THE TASK
Your answer should be an exact copy of the lines from the start of the entries to the line containing "sets \<gamma> = sets", both included.

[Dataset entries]

(* Let $C>0$, and let $Q_1,\dots,Q_m,\widehat Q_1,\dots,\widehat Q_m$ be probability distributions on $\mathbb{R}^d$ all supported in $\{x:\|x\|_2\le C\}$. Let $\pi,\widehat\pi$ be probability vectors on $[m]$ and set $Q=\sum_i\pi_iQ_i$, $\widehat Q=\sum_i\widehat\pi_i\widehat Q_i$. Suppose $\mathrm{TV}(\widehat\pi,\pi)\le\alpha$ and $\mathcal W_2(\widehat Q_i,Q_i)\le\epsilon$ for all $i\in[m]$. Then $$\mathcal W_2(\widehat Q,Q)\le\epsilon+2C\sqrt\alpha.$$
   Context: $\mathrm{TV}(\widehat\pi,\pi)=\frac12\sum_i|\widehat\pi_i-\pi_i|$; $\mathcal W_2$ is the Wasserstein-2 distance with Euclidean cost. *)

theory Defs
  imports "HOL-Probability.Probability"
begin

definition coupling :: "'a::euclidean_space measure \<Rightarrow> 'a measure \<Rightarrow> ('a \<times> 'a) measure \<Rightarrow> bool" where
  "coupling \<mu> \<nu> \<gamma> \<longleftrightarrow>
     sets \<gamma> = sets (borel \<Otimes>\<^sub>M borel) \<and>
     distr \<gamma> borel fst = \<mu> \<and> distr \<gamma> borel snd = \<nu>"

definition W2sq :: "'a::euclidean_space measure \<Rightarrow> 'a measure \<Rightarrow> ennreal" where
  "W2sq \<mu> \<nu> = (INF \<gamma> \<in> {\<gamma>. coupling \<mu> \<nu> \<gamma>}. \<integral>\<^sup>+ z. ennreal ((dist (fst z) (snd z))\<^sup>2) \<partial>\<gamma>)"

text \<open>Wasserstein-2 distance (real-valued; meaningful when W2sq is finite, e.g. for
  compactly supported measures as in the statement).\<close>
definition W2 :: "'a::euclidean_space measure \<Rightarrow> 'a measure \<Rightarrow> real" where
  "W2 \<mu> \<nu> = sqrt (enn2real (W2sq \<mu> \<nu>))"

definition TV :: "nat \<Rightarrow> (nat \<Rightarrow> real) \<Rightarrow> (nat \<Rightarrow> real) \<Rightarrow> real" where
  "TV m p q = (1/2) * (\<Sum>i<m. \<bar>p i - q i\<bar>)"

definition prob_vector :: "nat \<Rightarrow> (nat \<Rightarrow> real) \<Rightarrow> bool" where
  "prob_vector m p \<longleftrightarrow> (\<forall>i<m. 0 \<le> p i) \<and> (\<Sum>i<m. p i) = 1"

definition bounded_prob :: "real \<Rightarrow> 'a::euclidean_space measure \<Rightarrow> bool" where
  "bounded_prob C \<mu> \<longleftrightarrow> prob_space \<mu> \<and> sets \<mu> = sets borel \<and> (AE x in \<mu>. norm x \<le> C)"

definition is_mixture :: "nat \<Rightarrow> (nat \<Rightarrow> real) \<Rightarrow> (nat \<Rightarrow> 'a::euclidean_space measure) \<Rightarrow> 'a measure \<Rightarrow> bool" where
  "is_mixture m p Q M \<longleftrightarrow> sets M = sets borel \<and>
     (\<forall>A \<in> sets borel. emeasure M A = (\<Sum>i<m. ennreal (p i) * emeasure (Q i) A))"

end

theory Submission
  imports Defs
begin

text \<open>Couple the weight vectors maximally: there is a coupling \<open>\<rho>\<close> of \<open>\<pi>h\<close> and \<open>\<pi>\<close> on
  \<open>[m] \<times> [m]\<close> whose diagonal carries mass at least \<open>1 - TV(\<pi>h, \<pi>)\<close>. Gluing the measures
  \<open>\<Gamma>\<^sub>i\<^sub>j\<close> with weights \<open>\<rho>\<^sub>i\<^sub>j\<close>, where \<open>\<Gamma>\<^sub>i\<^sub>i\<close> is a near-optimal coupling of \<open>Qh\<^sub>i\<close> and \<open>Q\<^sub>i\<close> and \<open>\<Gamma>\<^sub>i\<^sub>j\<close>
  (\<open>i \<noteq> j\<close>) is the product of \<open>Qh\<^sub>i\<close> and \<open>Q\<^sub>j\<close>, gives a coupling of the two mixtures. Its
  squared cost is at most \<open>\<epsilon>\<^sup>2\<close> on the diagonal blocks and \<open>(2C)\<^sup>2\<close> off it, hence
  \<open>W\<^sub>2\<^sup>2 \<le> \<epsilon>\<^sup>2 + (2C)\<^sup>2 \<alpha> \<le> (\<epsilon> + 2C \<surd>\<alpha>)\<^sup>2\<close>.\<close>

text \<open>\<open>mixture I w N\<close> is \<open>\<Sum>k\<in>I. w k \<cdot> N k\<close>.\<close>

definition mixture :: "'i set \<Rightarrow> ('i \<Rightarrow> real) \<Rightarrow> ('i \<Rightarrow> 'a measure) \<Rightarrow> 'a measure" where
  "mixture I w N = density (count_space I) (\<lambda>k. ennreal (w k)) \<bind> N"

lemma measurable_mixture_kernel:
  assumes "\<And>k. k \<in> I \<Longrightarrow> subprob_space (N k)" "\<And>k. k \<in> I \<Longrightarrow> sets (N k) = sets K"
  shows "N \<in> measurable (density (count_space I) w) (subprob_algebra K)"
  using assms by (auto simp: measurable_cong_sets[OF sets_density refl] space_subprob_algebra)

lemma sets_mixture:
  assumes "I \<noteq> {}" "\<And>k. k \<in> I \<Longrightarrow> sets (N k) = sets K"
  shows "sets (mixture I w N) = sets K"
  unfolding mixture_def using assms by (intro sets_bind) auto

lemma nn_integral_mixture:
  assumes "finite I"
    and "\<And>k. k \<in> I \<Longrightarrow> subprob_space (N k)" "\<And>k. k \<in> I \<Longrightarrow> sets (N k) = sets K"
    and "f \<in> borel_measurable K"
  shows "(\<integral>\<^sup>+x. f x \<partial>mixture I w N) = (\<Sum>k\<in>I. ennreal (w k) * (\<integral>\<^sup>+x. f x \<partial>N k))"
  unfolding mixture_def
  using assms by (simp add: nn_integral_bind[OF _ measurable_mixture_kernel] nn_integral_density
      nn_integral_count_space_finite)

lemma emeasure_mixture:
  assumes "finite I" "I \<noteq> {}"
    and "\<And>k. k \<in> I \<Longrightarrow> subprob_space (N k)" "\<And>k. k \<in> I \<Longrightarrow> sets (N k) = sets K"
    and "A \<in> sets K"
  shows "emeasure (mixture I w N) A = (\<Sum>k\<in>I. ennreal (w k) * emeasure (N k) A)"
  using nn_integral_mixture[OF assms(1,3,4), where f="indicator A"] assms
  by (simp add: sets_mixture)

lemma distr_mixture:
  assumes "I \<noteq> {}"
    and "\<And>k. k \<in> I \<Longrightarrow> subprob_space (N k)" "\<And>k. k \<in> I \<Longrightarrow> sets (N k) = sets K"
    and "f \<in> measurable K R"
  shows "distr (mixture I w N) R f = mixture I w (\<lambda>k. distr (N k) R f)"
  unfolding mixture_def using assms
  by (subst distr_bind[OF measurable_mixture_kernel]) auto

lemma mixture_cong: "(\<And>k. k \<in> I \<Longrightarrow> N k = N' k) \<Longrightarrow> mixture I w N = mixture I w N'"
  unfolding mixture_def by (rule bind_cong) simp_all

lemma mixture_reindex_is_mixture:
  assumes "is_mixture m p Q M"
    and "\<And>i. i < m \<Longrightarrow> subprob_space (Q i)" "\<And>i. i < m \<Longrightarrow> sets (Q i) = sets borel"
    and "finite I" "I \<noteq> {}" "g ` I \<subseteq> {..<m}" "\<And>k. k \<in> I \<Longrightarrow> 0 \<le> w k"
    and "\<And>i. i < m \<Longrightarrow> p i = (\<Sum>k | k \<in> I \<and> g k = i. w k)"
  shows "mixture I w (\<lambda>k. Q (g k)) = M"
proof (rule measure_eqI)
  have Q_g: "subprob_space (Q (g k))" "sets (Q (g k)) = sets borel" if "k \<in> I" for k
    using assms(2,3,6) that by auto
  show "sets (mixture I w (\<lambda>k. Q (g k))) = sets M"
    using assms(1) Q_g(2) by (simp add: sets_mixture[OF assms(5)] is_mixture_def)
  fix A assume "A \<in> sets (mixture I w (\<lambda>k. Q (g k)))"
  then have A: "A \<in> sets borel"
    using Q_g(2) by (simp add: sets_mixture[OF assms(5)])
  have "emeasure (mixture I w (\<lambda>k. Q (g k))) A = (\<Sum>k\<in>I. ennreal (w k) * emeasure (Q (g k)) A)"
    using Q_g A by (intro emeasure_mixture[OF assms(4,5)])
  also have "\<dots> = (\<Sum>i<m. \<Sum>k | k \<in> I \<and> g k = i. ennreal (w k) * emeasure (Q (g k)) A)"
    using assms(4,6) by (intro sum.group[symmetric]) simp_all
  also have "\<dots> = (\<Sum>i<m. ennreal (p i) * emeasure (Q i) A)"
  proof (intro sum.cong refl)
    fix i assume "i \<in> {..<m}"
    then have "(\<Sum>k | k \<in> I \<and> g k = i. ennreal (w k)) = ennreal (p i)"
      using assms(7,8) by (subst sum_ennreal) auto
    then show "(\<Sum>k | k \<in> I \<and> g k = i. ennreal (w k) * emeasure (Q (g k)) A) = ennreal (p i) * emeasure (Q i) A"
      by (simp add: sum_distrib_right[symmetric])
  qed
  also have "\<dots> = emeasure M A"
    using assms(1) A by (simp add: is_mixture_def)
  finally show "emeasure (mixture I w (\<lambda>k. Q (g k))) A = emeasure M A" .
qed
lemma proc_hgt_le: "proc l q st st' b \<Longrightarrow> hgt (res st') \<le> hgt (res st)"
proof (induction rule: proc.induct)
  case (proc_fat_stop st v st')
  then show ?case by (intro moves_distinct_nonpillars_hgt_le[where ps = "[v]"]) auto
next
  case (proc_fat_cont st v st1 st' b)
  then have "hgt (res st1) \<le> hgt (res st)"
    by (intro moves_distinct_nonpillars_hgt_le[where ps = "[v]"]) auto
  then show ?case using proc_fat_cont.IH by simp
next
  case (proc_thin_stop st ps st')
  then show ?case
    by (intro moves_distinct_nonpillars_hgt_le)
       (auto simp: pillar_list_def conflicting_def cpill_def)
next
  case (proc_thin_cont st ps st1 st' b)
  then have "hgt (res st1) \<le> hgt (res st)"
    by (intro moves_distinct_nonpillars_hgt_le)
       (auto simp: pillar_list_def conflicting_def cpill_def)
  then show ?case using proc_thin_cont.IH by simp
qed simp

lemma proc_list_hgt_le: "proc_list l qs st st' b \<Longrightarrow> hgt (res st') \<le> hgt (res st)"
  by (induction rule: proc_list.induct) (auto dest: proc_hgt_le)

theorem lemma8:
  fixes T :: "('q \<times> 'v) multiset" and l :: nat
  assumes "eligible l (image_mset snd T)"
    and "p3_start l T st"
    and "round l st st' b"
  shows "int (hgt (res st')) \<le> int (hgt (res st)) + int l - 2"
proof -
  have ne: "\<not> eligible l (res st)" using p3_start_not_eligible[OF assms(2)] .
  have "hgt (res st') + 2 \<le> hgt (res st) + l"
    using assms(3)
  proof (cases rule: round.cases)
    case (round_stop1 S ms)
    then show ?thesis using step1_hgt_le[OF ne] by blast
  next
    case (round_full S ms st1 gs)
    then have "hgt (res st1) + 2 \<le> hgt (res st) + l" using step1_hgt_le[OF ne] by blast
    moreover have "hgt (res st') \<le> hgt (res st1)" using proc_list_hgt_le round_full by blast
    ultimately show ?thesis by linarith
  qed
  then show ?thesis by linarith
qed

end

ANSWER TO THIS PROBLEM
(* Let $C>0$, and let $Q_1,\dots,Q_m,\widehat Q_1,\dots,\widehat Q_m$ be probability distributions on $\mathbb{R}^d$ all supported in $\{x:\|x\|_2\le C\}$. Let $\pi,\widehat\pi$ be probability vectors on $[m]$ and set $Q=\sum_i\pi_iQ_i$, $\widehat Q=\sum_i\widehat\pi_i\widehat Q_i$. Suppose $\mathrm{TV}(\widehat\pi,\pi)\le\alpha$ and $\mathcal W_2(\widehat Q_i,Q_i)\le\epsilon$ for all $i\in[m]$. Then $$\mathcal W_2(\widehat Q,Q)\le\epsilon+2C\sqrt\alpha.$$
   Context: $\mathrm{TV}(\widehat\pi,\pi)=\frac12\sum_i|\widehat\pi_i-\pi_i|$; $\mathcal W_2$ is the Wasserstein-2 distance with Euclidean cost. *)

theory Defs
  imports "HOL-Probability.Probability"
begin

definition coupling :: "'a::euclidean_space measure \<Rightarrow> 'a measure \<Rightarrow> ('a \<times> 'a) measure \<Rightarrow> bool" where
  "coupling \<mu> \<nu> \<gamma> \<longleftrightarrow>
     sets \<gamma> = sets (borel \<Otimes>\<^sub>M borel) \<and>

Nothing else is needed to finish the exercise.